━━━ PROVIDED RECORDS

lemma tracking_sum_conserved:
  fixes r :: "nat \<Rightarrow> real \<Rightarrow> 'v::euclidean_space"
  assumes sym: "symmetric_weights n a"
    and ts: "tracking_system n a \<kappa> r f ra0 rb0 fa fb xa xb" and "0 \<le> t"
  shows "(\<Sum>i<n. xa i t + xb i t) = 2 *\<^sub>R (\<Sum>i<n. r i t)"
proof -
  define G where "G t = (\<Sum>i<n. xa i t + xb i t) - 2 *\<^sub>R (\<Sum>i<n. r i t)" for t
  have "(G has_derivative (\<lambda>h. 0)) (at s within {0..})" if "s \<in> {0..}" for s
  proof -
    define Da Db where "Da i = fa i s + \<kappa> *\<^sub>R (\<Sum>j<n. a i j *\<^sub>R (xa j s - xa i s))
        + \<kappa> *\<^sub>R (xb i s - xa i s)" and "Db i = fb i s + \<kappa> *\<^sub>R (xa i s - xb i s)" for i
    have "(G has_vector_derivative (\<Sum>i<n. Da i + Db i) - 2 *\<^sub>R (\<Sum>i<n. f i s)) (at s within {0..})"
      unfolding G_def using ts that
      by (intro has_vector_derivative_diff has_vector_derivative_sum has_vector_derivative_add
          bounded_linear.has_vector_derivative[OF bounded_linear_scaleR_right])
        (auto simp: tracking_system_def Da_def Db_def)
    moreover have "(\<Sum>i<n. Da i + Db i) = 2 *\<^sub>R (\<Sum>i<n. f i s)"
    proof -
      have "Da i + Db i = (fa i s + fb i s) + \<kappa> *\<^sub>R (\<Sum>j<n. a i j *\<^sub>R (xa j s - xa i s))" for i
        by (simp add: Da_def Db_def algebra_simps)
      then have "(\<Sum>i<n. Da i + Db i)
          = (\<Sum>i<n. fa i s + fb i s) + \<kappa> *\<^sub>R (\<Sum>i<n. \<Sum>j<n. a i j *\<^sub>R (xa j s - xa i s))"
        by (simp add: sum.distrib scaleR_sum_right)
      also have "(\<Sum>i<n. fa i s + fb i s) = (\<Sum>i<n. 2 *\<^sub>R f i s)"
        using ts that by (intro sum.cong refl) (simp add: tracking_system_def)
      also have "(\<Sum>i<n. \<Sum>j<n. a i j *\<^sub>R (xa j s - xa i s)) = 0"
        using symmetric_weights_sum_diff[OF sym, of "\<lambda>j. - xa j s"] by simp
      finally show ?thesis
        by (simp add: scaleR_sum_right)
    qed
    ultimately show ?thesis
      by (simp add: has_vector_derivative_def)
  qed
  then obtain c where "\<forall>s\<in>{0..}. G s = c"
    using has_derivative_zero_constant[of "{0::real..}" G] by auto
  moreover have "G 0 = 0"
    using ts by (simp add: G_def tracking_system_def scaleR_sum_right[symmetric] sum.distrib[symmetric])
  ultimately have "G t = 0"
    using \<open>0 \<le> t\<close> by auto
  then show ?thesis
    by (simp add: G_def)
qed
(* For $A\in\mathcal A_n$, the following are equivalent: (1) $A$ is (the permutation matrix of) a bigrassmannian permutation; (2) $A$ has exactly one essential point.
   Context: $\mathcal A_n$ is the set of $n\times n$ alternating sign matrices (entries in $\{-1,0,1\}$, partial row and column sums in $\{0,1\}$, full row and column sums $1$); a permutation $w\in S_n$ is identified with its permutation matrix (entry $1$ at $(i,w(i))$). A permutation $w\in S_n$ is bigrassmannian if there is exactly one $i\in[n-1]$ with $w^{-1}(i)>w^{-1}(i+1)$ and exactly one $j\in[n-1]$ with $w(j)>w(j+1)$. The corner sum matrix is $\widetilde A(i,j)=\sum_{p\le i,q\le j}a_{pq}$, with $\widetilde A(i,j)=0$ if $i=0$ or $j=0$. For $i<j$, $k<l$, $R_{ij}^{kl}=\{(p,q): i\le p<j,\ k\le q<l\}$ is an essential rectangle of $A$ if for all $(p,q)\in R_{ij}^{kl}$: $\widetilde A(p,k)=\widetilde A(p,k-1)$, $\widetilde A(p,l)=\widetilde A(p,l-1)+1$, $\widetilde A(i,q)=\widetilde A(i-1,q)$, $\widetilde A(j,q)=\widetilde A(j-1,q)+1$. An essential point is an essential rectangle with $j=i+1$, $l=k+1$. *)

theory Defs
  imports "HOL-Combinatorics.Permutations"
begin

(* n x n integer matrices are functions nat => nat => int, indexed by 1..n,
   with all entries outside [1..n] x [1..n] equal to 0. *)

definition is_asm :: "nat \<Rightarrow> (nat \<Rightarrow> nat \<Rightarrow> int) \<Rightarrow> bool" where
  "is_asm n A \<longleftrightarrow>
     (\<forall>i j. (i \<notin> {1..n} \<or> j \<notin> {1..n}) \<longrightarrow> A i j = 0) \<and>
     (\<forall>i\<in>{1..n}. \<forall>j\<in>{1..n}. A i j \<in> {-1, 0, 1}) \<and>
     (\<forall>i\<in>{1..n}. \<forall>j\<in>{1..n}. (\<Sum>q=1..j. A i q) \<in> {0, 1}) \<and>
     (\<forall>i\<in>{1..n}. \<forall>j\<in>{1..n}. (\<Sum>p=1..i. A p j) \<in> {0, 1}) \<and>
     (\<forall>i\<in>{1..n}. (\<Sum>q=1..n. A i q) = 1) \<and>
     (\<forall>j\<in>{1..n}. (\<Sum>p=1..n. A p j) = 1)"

━━━━━━

WHAT NEEDS TO BE DONE.
Reply with nothing but the number of lines in the entries above that hold the string "auto".

EXERCISE ANSWER.
3